Topics - Tech monopolies: are they hurting donations? - Charity Digital News

Are charities over-reliant on big tech companies when it comes to fundraising and donations? The key is to diversify digital streams

In early October 2021, the findings of a 16-month congressional investigation by the US House Judiciary Committee into tech giants Apple, Google, Amazon, and Facebook revealed that these companies had ‘monopoly power’ in their respective spaces.

It stated, for example, that Facebook (now Meta) had ’monopoly power’ in the social media space and that it maintained its top position by using its vast amounts of data and resource to “acquire, copy or kill” any imminent threat. Simply put, any new or existing social media networks that were gaining traction or showing potential were either acquired and brought into the Facebook brand, or popular features on other platforms were copied.

Facebook is nearing its 20th anniversary, meaning that charities have long established communities on the platform and, with the introduction of their Giving Tools a few years ago, have been ever more reliant on the platform to help raise funds.

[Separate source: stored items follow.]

(* Let $X\sim N(-\mu,\sigma^2)$ with $\mu\ge0$ and $\sigma>0$. Then for every $0\le\epsilon\le1$, $$\mathbb P\Big(0\le X\le\epsilon\big(\sigma\wedge\tfrac{\sigma^2}{\mu}\big)\Big)\ge\frac{\epsilon}{5}\,\mathbb P(X\ge0),$$ with the convention $\sigma^2/0=\infty$. *)

theory Defs
  imports "HOL-Probability.Probability"
begin

definition normal_thr :: "real \<Rightarrow> real \<Rightarrow> real" where
  "normal_thr \<mu> \<sigma> = (if \<mu> = 0 then \<sigma> else min \<sigma> (\<sigma>\<^sup>2 / \<mu>))"

end

theory Submission
  imports Defs
begin

text \<open>Write \<open>t\<close> for the threshold and \<open>c\<close> for the density of \<open>X\<close> at 0. On \<open>[0,\<infinity>)\<close> the
density equals \<open>c \<cdot> exp (-(x\<^sup>2 + 2\<mu>x)/(2\<sigma>\<^sup>2))\<close>. Because \<open>t \<le> \<sigma>\<close> and \<open>\<mu>t \<le> \<sigma>\<^sup>2\<close>, the exponent
is at most \<open>3x/(2t)\<close> on \<open>[0,t]\<close>, so there the density is at least \<open>c (1 - 3x/(4t))\<^sup>2\<close>;
integrating gives \<open>P(0 \<le> X \<le> \<epsilon>t) \<ge> c\<epsilon>t/3\<close>. Because \<open>\<sigma>\<^sup>2 \<le> t(\<mu> + \<sigma>)\<close>, the density is dominated
by \<open>c exp (1/2) exp (-x/t)\<close>, so \<open>P(X \<ge> 0) \<le> c exp (1/2) t\<close>. The theorem follows from
\<open>exp (1/2) \<le> 5/3\<close>.\<close>

lemma exp_half_le: "exp (1/2::real) \<le> 5/3"
proof -
  have "exp (1/2::real) ^ 2 = exp 1"
    by (simp add: exp_double[symmetric])
  also have "\<dots> \<le> (5/3) ^ 2"
    using e_less_272 by (simp add: power2_eq_square)
  finally show ?thesis
    by (rule power2_le_imp_le) simp
qed

lemma one_minus_half_squared_le_exp:
  fixes y :: real
  assumes "0 \<le> y" "y \<le> 2"
  shows "(1 - y/2)^2 \<le> exp (- y)"
proof -
  have "(1 - y/2)^2 \<le> exp (- y/2)^2"
    using assms exp_ge_add_one_self[of "- y/2"] by (intro power_mono) auto
  also have "\<dots> = exp (- y)"
    by (simp add: exp_double[symmetric])
  finally show ?thesis .
qed

lemma has_integral_one_minus_mult_squared:
  fixes a s :: real
  assumes "0 \<le> s"
  shows "((\<lambda>x. (1 - a*x)^2) has_integral (s - a * s^2 + a^2 * s^3 / 3)) {0..s}"
proof -
  define F where "F x = x - a*x^2 + a^2*x^3/3" for x :: real
  have "((\<lambda>x. (1 - a*x)^2) has_integral (F s - F 0)) {0..s}"
  proof (rule fundamental_theorem_of_calculus[OF assms])
    fix x assume "x \<in> {0..s}"
    have "(F has_real_derivative (1 - a*x)^2) (at x within {0..s})"
      unfolding F_def
      by (auto intro!: derivative_eq_intros simp: power2_eq_square field_simps)
    then show "(F has_vector_derivative (1 - a*x)^2) (at x within {0..s})"
      by (simp add: has_real_derivative_iff_has_vector_derivative)
  qed
  then show ?thesis
    by (simp add: F_def)
qed

lemma normal_thr_pos: "\<sigma> > 0 \<Longrightarrow> \<mu> \<ge> 0 \<Longrightarrow> normal_thr \<mu> \<sigma> > 0"
  by (simp add: normal_thr_def)

lemma normal_thr_le: "normal_thr \<mu> \<sigma> \<le> \<sigma>"
  by (simp add: normal_thr_def)

lemma mult_normal_thr_le: "\<mu> \<ge> 0 \<Longrightarrow> \<mu> * normal_thr \<mu> \<sigma> \<le> \<sigma>^2"
  by (auto simp: normal_thr_def min_def field_simps)

lemma square_le_normal_thr_mult:
  assumes "\<sigma> > 0" "\<mu> \<ge> 0"
  shows "\<sigma>^2 \<le> normal_thr \<mu> \<sigma> * (\<mu> + \<sigma>)"
  using assms
  by (auto simp: normal_thr_def min_def field_simps power2_eq_square)

lemma normal_density_eq_at_0_mult_exp:
  assumes "\<sigma> > 0"
  shows "normal_density (- \<mu>) \<sigma> x
           = normal_density (- \<mu>) \<sigma> 0 * exp (- (x^2 + 2*\<mu>*x) / (2*\<sigma>^2))"
  unfolding normal_density_def using assms
  by (simp add: exp_add[symmetric] power2_eq_square field_simps)

lemma normal_density_le_exponential_density:
  assumes "\<sigma> > 0" "t > 0" "\<sigma>^2 \<le> t * (\<mu> + \<sigma>)" "x \<ge> 0"
  shows "normal_density (- \<mu>) \<sigma> x
           \<le> normal_density (- \<mu>) \<sigma> 0 * exp (1/2) * t * exponential_density (1/t) x"
proof -
  have "\<sigma>^2 / t \<le> \<mu> + \<sigma>"
    using assms by (simp add: divide_le_eq algebra_simps)
  then have "2*x * (\<sigma>^2 / t) \<le> 2*x * (\<mu> + \<sigma>)"
    using assms by (intro mult_left_mono) auto
  moreover have "2*x*\<sigma> \<le> x^2 + \<sigma>^2"
    using zero_le_power2[of "x - \<sigma>"] by (simp add: power2_diff)
  ultimately have "- (x^2 + 2*\<mu>*x) \<le> \<sigma>^2 - 2*x * (\<sigma>^2 / t)"
    by (simp add: algebra_simps)
  then have "- (x^2 + 2*\<mu>*x) / (2*\<sigma>^2) \<le> 1/2 - x/t"
    using assms by (simp add: field_simps)
  then have "normal_density (- \<mu>) \<sigma> x \<le> normal_density (- \<mu>) \<sigma> 0 * exp (1/2 - x/t)"
    using assms normal_density_nonneg[of "- \<mu>" \<sigma> 0]
    by (subst normal_density_eq_at_0_mult_exp) (auto intro: mult_left_mono)
  also have "\<dots> = normal_density (- \<mu>) \<sigma> 0 * exp (1/2) * t * exponential_density (1/t) x"
    unfolding exp_diff using assms by (simp add: exponential_density_def exp_minus field_simps)
  finally show ?thesis .
qed

lemma normal_density_ge_squared:
  assumes "\<sigma> > 0" "\<mu> \<ge> 0" "t > 0" "t \<le> \<sigma>" "\<mu> * t \<le> \<sigma>^2" "0 \<le> x" "x \<le> t"
  shows "normal_density (- \<mu>) \<sigma> 0 * (1 - 3*x/(4*t))^2 \<le> normal_density (- \<mu>) \<sigma> x"
proof -
  define q where "q = (x^2 + 2*\<mu>*x) / (2*\<sigma>^2)"
  have "x * t \<le> \<sigma> * \<sigma>"
    using assms by (intro mult_mono) auto
  then have "x * x * t \<le> x * \<sigma>^2"
    using assms by (simp add: mult.assoc power2_eq_square mult_left_mono)
  moreover have "x * \<mu> * t \<le> x * \<sigma>^2"
    using assms by (simp add: mult.assoc mult_left_mono)
  moreover have "q * (2*\<sigma>^2*t) = x * x * t + 2 * (x * \<mu> * t)"
    using assms by (simp add: q_def field_simps power2_eq_square)
  ultimately have "q * (2*\<sigma>^2*t) \<le> 3*x*\<sigma>^2"
    by linarith
  then have q_le: "q \<le> 3*x/(2*t)"
    using assms by (simp add: field_simps power2_eq_square)
  have "(1 - 3*x/(4*t))^2 \<le> (1 - q/2)^2"
    using assms q_le by (intro power_mono) (auto simp: field_simps)
  also have "\<dots> \<le> exp (- q)"
  proof (rule one_minus_half_squared_le_exp)
    show "0 \<le> q"
      using assms by (simp add: q_def)
    have "3*x/(2*t) \<le> 3/2"
      using assms by (simp add: field_simps)
    then show "q \<le> 2"
      using q_le by linarith
  qed
  finally show ?thesis
    using mult_left_mono[OF _ normal_density_nonneg[of "- \<mu>" \<sigma> 0]]
      normal_density_eq_at_0_mult_exp[OF assms(1), of \<mu> x]
    by (simp add: q_def minus_divide_left)
qed

lemma normal_prob_nonneg_le:
  assumes "prob_space M" "distributed M lborel X (normal_density (- \<mu>) \<sigma>)"
    and "\<sigma> > 0" "t > 0" "\<sigma>^2 \<le> t * (\<mu> + \<sigma>)"
  shows "measure M {x \<in> space M. X x \<ge> 0} \<le> normal_density (- \<mu>) \<sigma> 0 * exp (1/2) * t"
proof -
  interpret prob_space M by fact
  define C where "C = normal_density (- \<mu>) \<sigma> 0 * exp (1/2) * t"
  have "emeasure M (X -` {0..} \<inter> space M)
          = (\<integral>\<^sup>+x. ennreal (normal_density (- \<mu>) \<sigma> x) * indicator {0..} x \<partial>lborel)"
    using distributed_emeasure[OF assms(2)] by simp
  also have "\<dots> \<le> (\<integral>\<^sup>+x. ennreal C * ennreal (exponential_density (1/t) x) \<partial>lborel)"
    using normal_density_le_exponential_density[OF assms(3-5)] assms(4)
    by (intro nn_integral_mono)
       (auto simp: C_def indicator_def ennreal_mult[symmetric] intro!: ennreal_leI)
  also have "\<dots> = ennreal C * (\<integral>\<^sup>+x. ennreal (exponential_density (1/t) x) \<partial>lborel)"
    by (intro nn_integral_cmult) measurable
  also have "\<dots> = ennreal C"
    using nn_integral_erlang_ith_moment[of "1/t" 0 0] assms(4) by simp
  finally have "ennreal (measure M (X -` {0..} \<inter> space M)) \<le> ennreal C"
    by (simp add: emeasure_eq_measure)
  moreover have "C \<ge> 0"
    using assms(4) by (simp add: C_def)
  ultimately show ?thesis
    by (simp add: C_def vimage_def Int_def conj_commute)
qed

lemma normal_prob_interval_ge:
  assumes "prob_space M" "distributed M lborel X (normal_density (- \<mu>) \<sigma>)"
    and "\<sigma> > 0" "\<mu> \<ge> 0" "t > 0" "t \<le> \<sigma>" "\<mu> * t \<le> \<sigma>^2" "0 \<le> \<epsilon>" "\<epsilon> \<le> 1"
  shows "normal_density (- \<mu>) \<sigma> 0 * \<epsilon> * t * (1 - 3*\<epsilon>/4 + 3*\<epsilon>^2/16)
           \<le> measure M {x \<in> space M. 0 \<le> X x \<and> X x \<le> \<epsilon> * t}"
proof -
  interpret prob_space M by fact
  define c where "c = normal_density (- \<mu>) \<sigma> 0"
  define a where "a = 3/(4*t)"
  have s_le: "\<epsilon> * t \<le> t"
    using assms by (simp add: mult_le_cancel_right1)
  have c_nonneg: "c \<ge> 0"
    by (simp add: c_def)
  have "((\<lambda>x. c * (1 - a*x)^2) has_integral
          c * (\<epsilon>*t - a*(\<epsilon>*t)^2 + a^2*(\<epsilon>*t)^3/3)) {0..\<epsilon>*t}"
    using has_integral_one_minus_mult_squared[of "\<epsilon>*t" a] assms
    by (intro has_integral_mult_right) simp
  moreover have "c * (\<epsilon>*t - a*(\<epsilon>*t)^2 + a^2*(\<epsilon>*t)^3/3)
                   = c * \<epsilon> * t * (1 - 3*\<epsilon>/4 + 3*\<epsilon>^2/16)"
    using assms by (simp add: a_def field_simps power2_eq_square power3_eq_cube)
  ultimately have integral: "((\<lambda>x. c * (1 - a*x)^2) has_integral
                     c * \<epsilon> * t * (1 - 3*\<epsilon>/4 + 3*\<epsilon>^2/16)) {0..\<epsilon>*t}"
    by simp
  have "ennreal (c * \<epsilon> * t * (1 - 3*\<epsilon>/4 + 3*\<epsilon>^2/16))
               = (\<integral>\<^sup>+x. ennreal (c * (1 - a*x)^2) * indicator {0..\<epsilon>*t} x \<partial>lborel)"
    using nn_integral_has_integral_lebesgue'[OF _ integral] c_nonneg by simp
  also have "\<dots> \<le> (\<integral>\<^sup>+x. ennreal (normal_density (- \<mu>) \<sigma> x) * indicator {0..\<epsilon>*t} x \<partial>lborel)"
    using normal_density_ge_squared[OF assms(3-7)] s_le
    by (intro nn_integral_mono)
       (auto simp: indicator_def a_def c_def field_simps intro!: ennreal_leI)
  also have "\<dots> = emeasure M (X -` {0..\<epsilon>*t} \<inter> space M)"
    using distributed_emeasure[OF assms(2)] by simp
  finally show ?thesis
    by (simp add: c_def emeasure_eq_measure vimage_def Int_def conj_commute)
qed

theorem claim3p3:
  fixes M :: "'a measure" and X :: "'a \<Rightarrow> real" and \<mu> \<sigma> \<epsilon> :: real
  assumes "prob_space M"
    and "distributed M lborel X (normal_density (- \<mu>) \<sigma>)"
    and "\<mu> \<ge> 0" and "\<sigma> > 0"
    and "0 \<le> \<epsilon>" and "\<epsilon> \<le> 1"
  shows "measure M {x \<in> space M. 0 \<le> X x \<and> X x \<le> \<epsilon> * normal_thr \<mu> \<sigma>}
           \<ge> \<epsilon> / 5 * measure M {x \<in> space M. X x \<ge> 0}"
proof -
  define t where "t = normal_thr \<mu> \<sigma>"
  define c where "c = normal_density (- \<mu>) \<sigma> 0"
  have t_pos: "t > 0"
    using assms normal_thr_pos by (simp add: t_def)
  have c_nonneg: "c \<ge> 0"
    by (simp add: c_def)
  have t_le: "t \<le> \<sigma>" and mult_t_le: "\<mu> * t \<le> \<sigma>^2"
    using normal_thr_le mult_normal_thr_le assms by (simp_all add: t_def)
  have "\<epsilon> / 5 * measure M {x \<in> space M. X x \<ge> 0} \<le> \<epsilon> / 5 * (c * exp (1/2) * t)"
    using normal_prob_nonneg_le[OF assms(1,2,4) t_pos] square_le_normal_thr_mult assms
    by (intro mult_left_mono) (auto simp: t_def c_def)
  also have "\<dots> \<le> c * \<epsilon> * t * (1/3)"
    using exp_half_le assms c_nonneg t_pos
    by (simp add: mult_left_mono mult_ac)
  also have "\<dots> \<le> c * \<epsilon> * t * (1 - 3*\<epsilon>/4 + 3*\<epsilon>^2/16)"
    \<comment> \<open>\<open>1 - 3\<epsilon>/4 + 3\<epsilon>\<^sup>2/16 - 1/3 = (4 - 3\<epsilon>)(8 - 3\<epsilon>)/48\<close>\<close>
    using assms c_nonneg t_pos mult_nonneg_nonneg[of "4 - 3*\<epsilon>" "8 - 3*\<epsilon>"]
    by (intro mult_left_mono) (auto simp: power2_eq_square algebra_simps)
  also have "\<dots> \<le> measure M {x \<in> space M. 0 \<le> X x \<and> X x \<le> \<epsilon> * t}"
    using normal_prob_interval_ge[OF assms(1,2,4,3) t_pos t_le mult_t_le] assms
    by (simp add: t_def c_def)
  finally show ?thesis
    by (simp add: t_def)
qed

end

In recent years, the platform has experienced a number of significant issues, such as the Cambridge Analytica scandal and more recently the exposé, titled The Facebook Files, where former employee-turned-whistleblower Frances Haugen alleged ‘a culture of profit over safety’.

Despite these issues, one more worrying issue for charities is just how vulnerable they are when these platforms experience outages. In the same week...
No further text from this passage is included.